Auf Netflix steht als Option Deutsch und Schweizerdeutsch - das hat mich nachhaltig abgeschreckt reinzugucken :-)

Tatsächlich kann ich auch mit diesen ganzen Kartoffelknödeldödel-Filmen wie Eberhofer, Kluftinger... etc. nichts anfangen.

Glod

Zitat...Auf Netflix steht als Option Deutsch und Schweizerdeutsch - das hat mich nachhaltig abgeschreckt reinzugucken :-)...

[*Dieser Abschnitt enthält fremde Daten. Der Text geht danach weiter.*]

(* Let $g$ be the Lorentzian form on $\mathbb{R}^4$ with matrix $\mathrm{diag}(1,1,1,-c^2)$, $\mathcal{L}^{\uparrow}_+$ its proper orthochronous Lorentz group, and $u$ a timelike vector. Let $H(u)=\{L\in\mathcal{L}^{\uparrow}_+ : Lu=u\}$ and let $(\mathcal{P}^{\uparrow}_+)_X$ be the group of maps $x\mapsto Lx+b$ with $L\in H(u)$, $b\in\mathbb{R}^4$. Let $CH(u)$ be the set of $M\in\mathbb{R}^+\mathcal{L}^{\uparrow}_+=\{\mu L:\mu>0, L\in\mathcal{L}^{\uparrow}_+\}$ with $M(\langle u\rangle)=\langle u\rangle$, where $\langle u\rangle$ is the line spanned by $u$, and let $C(\mathcal{P}^{\uparrow}_+)_X$ be the group of maps $x\mapsto Mx+b$ with $M\in CH(u)$, $b\in\mathbb{R}^4$. Let $\langle u\rangle^\perp=\{v: g(v,u)=0\}$. (A) An equivalence relation on $\mathbb{R}^4$ is $(\mathcal{P}^{\uparrow}_+)_X$-invariant if and only if there is an additive subgroup $H$ of $\mathbb{R}$ such that either (i) $[x]=x+Hu$ for all $x$, or (ii) $[x]=x+(\langle u\rangle^\perp+Hu)$ for all $x$. (B) The standard synchrony $R_u$, defined by $x\,R_u\,y\iff g(x-y,u)=0$, is the only nontrivial $C(\mathcal{P}^{\uparrow}_+)_X$-invariant equivalence relation on $\mathbb{R}^4$ whose equivalence classes are not worldlines (i.e. not the lines $x+\mathbb{R}u$).
   Context: An equivalence relation is invariant under a group of transformations if $x\sim y$ implies $h(x)\sim h(y)$ for all $x,y$ and all $h$ in the group. It is trivial if it is the total relation or the identity relation (diagonal). A vector $u$ is timelike if $g(u,u)<0$. *)

theory Defs
  imports "HOL-Analysis.Analysis"
begin

text \<open>Coordinates of real^4 are indexed by the type 4 = {0,1,2,3};
  indices 0,1,2 are spatial and index 3 is the time coordinate.\<close>

definition lor :: "real \<Rightarrow> real^4 \<Rightarrow> real^4 \<Rightarrow> real" where
  "lor c x y = x$0 * y$0 + x$1 * y$1 + x$2 * y$2 - c^2 * (x$3 * y$3)"

definition timelike :: "real \<Rightarrow> real^4 \<Rightarrow> bool" where
  "timelike c u \<longleftrightarrow> lor c u u < 0"

definition lorentz_po :: "real \<Rightarrow> (real^4^4) set" where
  "lorentz_po c = {L. (\<forall>x y. lor c (L *v x) (L *v y) = lor c x y) \<and> det L = 1 \<and> L$3$3 > 0}"

definition stab :: "real \<Rightarrow> real^4 \<Rightarrow> (real^4^4) set" where
  "stab c u = {L \<in> lorentz_po c. L *v u = u}"

definition poinc_X :: "real \<Rightarrow> real^4 \<Rightarrow> (real^4 \<Rightarrow> real^4) set" where
  "poinc_X c u = {(\<lambda>x. L *v x + b) | L b. L \<in> stab c u}"

definition line :: "real^4 \<Rightarrow> (real^4) set" where
  "line u = {t *\<^sub>R u | t. True}"

definition conf_stab :: "real \<Rightarrow> real^4 \<Rightarrow> (real^4^4) set" where
  "conf_stab c u = {M. (\<exists>\<mu> L. \<mu> > 0 \<and> L \<in> lorentz_po c \<and> M = \<mu> *\<^sub>R L)
                       \<and> (\<lambda>x. M *v x) ` line u = line u}"

definition conf_poinc_X :: "real \<Rightarrow> real^4 \<Rightarrow> (real^4 \<Rightarrow> real^4) set" where
  "conf_poinc_X c u = {(\<lambda>x. M *v x + b) | M b. M \<in> conf_stab c u}"

definition invariant_under :: "('a \<Rightarrow> 'a) set \<Rightarrow> 'a rel \<Rightarrow> bool" where
  "invariant_under G R \<longleftrightarrow> (\<forall>h\<in>G. \<forall>x y. (x, y) \<in> R \<longrightarrow> (h x, h y) \<in> R)"
lemma contract_single:
  "Poly_Mapping.single a x \<circ>\<^sub>D Poly_Mapping.single b y
   = (if mon_le a b then Poly_Mapping.single (b - a) (x * y * diff_coeff a b)
      else (0 :: ('a::comm_semiring_1) mpoly))"
proof -
  have "Poly_Mapping.single a x \<circ>\<^sub>D Poly_Mapping.single b y
     = (\<Sum>a'\<in>{a}. \<Sum>b'\<in>{b}. contract_term (Poly_Mapping.single a x) (Poly_Mapping.single b y) a' b')"
    by (rule contract_eq_sum_superset) auto
  thus ?thesis by (simp add: contract_term_def)
qed

lemma sum_single_lookup:
  "(\<Sum>k\<in>Poly_Mapping.keys p. Poly_Mapping.single k (Poly_Mapping.lookup p k)) = p"
  by (rule poly_mapping_eqI)
     (auto simp: lookup_sum lookup_single when_def sum.delta not_in_keys_iff_lookup_eq_zero)

lemma mon_le_add_iff: "mon_le b m \<Longrightarrow> mon_le (a + b) m \<longleftrightarrow> mon_le a (m - b)"
  unfolding mon_le_def by (auto simp: lookup_add lookup_minus) (metis le_diff_conv2)+

lemma mon_le_addD: "mon_le (a + b) m \<Longrightarrow> mon_le b m"
  unfolding mon_le_def by (auto simp: lookup_add) (metis add_leE)

lemma diff_add_monomial: "m - (a + b) = m - b - (a :: nat \<Rightarrow>\<^sub>0 nat)"
  by (rule poly_mapping_eqI) (simp add: lookup_minus lookup_add)

definition diff_coeff_nat :: "(nat \<Rightarrow>\<^sub>0 nat) \<Rightarrow> (nat \<Rightarrow>\<^sub>0 nat) \<Rightarrow> nat" where
  "diff_coeff_nat a b = (\<Prod>i\<in>Poly_Mapping.keys b.
     fact (Poly_Mapping.lookup b i) div fact (Poly_Mapping.lookup b i - Poly_Mapping.lookup a i))"

lemma diff_coeff_of_nat: "diff_coeff a b = of_nat (diff_coeff_nat a b)"
  by (simp add: diff_coeff_def diff_coeff_nat_def)

lemma diff_coeff_nat_superset:
  assumes "finite K" "Poly_Mapping.keys b \<subseteq> K"
  shows "diff_coeff_nat a b = (\<Prod>i\<in>K.
    fact (Poly_Mapping.lookup b i) div fact (Poly_Mapping.lookup b i - Poly_Mapping.lookup a i))"
  unfolding diff_coeff_nat_def using assms
  by (intro prod.mono_neutral_right[symmetric]) (auto simp: not_in_keys_iff_lookup_eq_zero)

lemma fact_div_fact_diff_add:
  assumes "a + b \<le> (m :: nat)"
  shows "fact m div fact (m - (a + b)) =
    (fact m div fact (m - b)) * (fact (m - b) div (fact (m - b - a) :: nat))"
proof -
  obtain P :: nat where P: "fact m = fact (m - b) * P"
    using fact_dvd[OF diff_le_self[of m b]] by (auto elim: dvdE)
  obtain Q :: nat where Q: "fact (m - b) = fact (m - b - a) * Q"
    using fact_dvd[OF diff_le_self[of "m - b" a]] by (auto elim: dvdE)
  have "m - (a + b) = m - b - a" by simp
  thus ?thesis using P Q by (simp add: mult.assoc)
qed

lemma diff_coeff_nat_add:
  assumes "mon_le (a + b) m"
  shows "diff_coeff_nat (a + b) m = diff_coeff_nat b m * diff_coeff_nat a (m - b)"
proof -
  let ?K = "Poly_Mapping.keys m"
  let ?f = "\<lambda>a b i.
    fact (Poly_Mapping.lookup b i) div fact (Poly_Mapping.lookup b i - Poly_Mapping.lookup a i)"
  have "Poly_Mapping.keys (m - b) \<subseteq> ?K" by (auto simp: in_keys_iff lookup_minus)
  hence "diff_coeff_nat b m * diff_coeff_nat a (m - b) = (\<Prod>i\<in>?K. ?f b m i * ?f a (m - b) i)"
    by (simp add: diff_coeff_nat_superset[of ?K] prod.distrib)
  also have "\<dots> = (\<Prod>i\<in>?K. ?f (a + b) m i)"
    using assms
    by (intro prod.cong) (simp_all add: mon_le_def lookup_add lookup_minus fact_div_fact_diff_add)
  also have "\<dots> = diff_coeff_nat (a + b) m" by (simp add: diff_coeff_nat_def)
  finally show ?thesis ..
qed

lemma contract_single_assoc:
  "Poly_Mapping.single (a + b) (x * y) \<circ>\<^sub>D Poly_Mapping.single m z
   = Poly_Mapping.single a x \<circ>\<^sub>D
       (Poly_Mapping.single b y \<circ>\<^sub>D (Poly_Mapping.single m (z :: 'a::comm_semiring_1)))"
proof (cases "mon_le b m")
  case False
  hence "\<not> mon_le (a + b) m" using mon_le_addD by blast
  thus ?thesis using False by (simp add: contract_single)
next
  case True
  show ?thesis
  proof (cases "mon_le (a + b) m")
    case True2: True
    have "diff_coeff_nat (a + b) m = diff_coeff_nat b m * diff_coeff_nat a (m - b)"
      by (rule diff_coeff_nat_add[OF True2])
    thus ?thesis using True True2 mon_le_add_iff[OF True]
      by (simp add: contract_single diff_add_monomial diff_coeff_of_nat ac_simps)
  next
    case False
    thus ?thesis using True mon_le_add_iff[OF True] by (simp add: contract_single)
  qed
qed
lemma chain_attrs_containing_link:
  assumes "Suc j < card S"
  shows "{k. k < card S \<and> link_attr S j \<in> chain_attrs S k} = {j, Suc j}"
proof -
  have "link_attr S j \<in> chain_attrs S k \<longleftrightarrow> (0 < k \<and> j = k - 1) \<or> (Suc k < card S \<and> j = k)"
    if "k < card S" for k
    using sorted_nth_neq_link[OF that, of j] by (auto simp: mem_chain_attrs)
  then show ?thesis
    using assms by auto
qed

lemma chain_attrs_containing_other:
  assumes "z \<notin> S" "z \<notin> link_attr S ` {j. Suc j < card S}"
  shows "{k. k < card S \<and> z \<in> chain_attrs S k} = {}"
proof -
  have "z \<notin> chain_attrs S k" if "k < card S" for k
  proof -
    have "z \<noteq> link_attr S (k - 1)" if "0 < k"
      using assms(2) \<open>k < card S\<close> that by auto
    moreover have "z \<noteq> link_attr S k" if "Suc k < card S"
      using assms(2) that by auto
    ultimately show ?thesis
      using assms(1) sorted_nth_in[OF that] by (auto simp: mem_chain_attrs)
  qed
  then show ?thesis
    by auto
qed

lemma occ_chain_factors:
  "occ (chain_factors S f R) z =
    (if z \<in> S then 1 else if z \<in> link_attr S ` {j. Suc j < card S} then 2 else 0)"
proof -
  have occ: "occ (chain_factors S f R) z = card {k. k < card S \<and> z \<in> chain_attrs S k}"
    unfolding occ_def by (rule arg_cong[where f = card]) auto
  show ?thesis
  proof (cases "z \<in> S")
    case True
    then obtain j where "j < card S" "z = sorted_list_of_set S ! j"
      using fin by (metis in_set_conv_nth length_sorted_list_of_set set_sorted_list_of_set)
    then show ?thesis
      using True occ chain_attrs_containing_attr by simp
  next
    case False
    then show ?thesis
      using occ chain_attrs_containing_link chain_attrs_containing_other by auto
  qed
qed

lemma bond_attrs_chain_factors: "bond_attrs (chain_factors S f R) = S"
  by (auto simp: bond_attrs_def occ_chain_factors)

lemma bondable_chain_factors: "bondable (chain_factors S f R)"
  by (auto simp: bondable_def occ_chain_factors is_rel_def chain_attrs_def proj_subset_tuples)

lemma card_chain_attrs:
  assumes "k < card S"
  shows "card (chain_attrs S k) = 1 + (if 0 < k then 1 else 0) + (if Suc k < card S then 1 else 0)"
  using sorted_nth_neq_link[OF assms] by (simp add: chain_attrs_def card_insert_if)

lemma subternaric_chain_factors: "subternaric (chain_factors S f R)"
  by (simp add: subternaric_def card_chain_attrs)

Ich wusste gar nicht, dass das auch auf Netflix ist. Da müsste ich direkt mal schauen, was wir auf WOW schauen. Denn einerseits ist der Dialekt dort schon ziemlich heftig, aber andererseits stehen in den Zeitungen  Schlagzeilen, die - falls so ausgesprochen - mich komplett ratlos zurücklassen würden.
Also kann schon gut sein, dass wir die "deutsche" Version sehen, was dann auch den merkwürdigen Anschein der Nachsychronisierung erklären würde.
"Er wird mir eine Kugel verpassen und dann Selbstmord begehen." -Nina Meyers-

"Wir passen schon auf, dass er keinen Selbstmord begeht." -Jack Bauer-

StS

12 September 2024, 09:24:16 #103 Letzte Bearbeitung: 12 September 2024, 09:26:05 von StS
In Season 2 von ,,Troppo" kehren Nicole Chamoun und Thomas Jane (welcher bei 2 der 8 Episoden überdies Regie führte) als Privatermittler-Duo auf die Bildschirme zurück: Es wird einem neuen (Mord-)Fall nachgegangen... parallel dazu entfalten sich weitere Handlungsstränge, von denen einige noch offene aus S1 gut fort- (sowie auch zu Ende) geführt werden... zusätzlich zu vertrauten Nebenfiguren und Darstellern (unter ihnen Radha Mitchell und Simon Lyndon) tauchen eine Handvoll neue auf (von denen mir Miah Madden am besten gefiel)... die Atmosphäre ist weiterhin markant von dem Klima, den Tieren und den Landschaften der betreffenden Region Australiens geprägt und das Tempo ist auch dieses Mal nicht höher als zuvor. Die beiden Leads machen ihre Sache prima, die Entwicklung ihrer Charaktere wusste mir zu gefallen und über die mauen CGI-Flammen unmittelbar zu Beginn konnte ich angesichts des ansonsten ordentlich umgesetzten Rests ohne weiteres hinwegsehen...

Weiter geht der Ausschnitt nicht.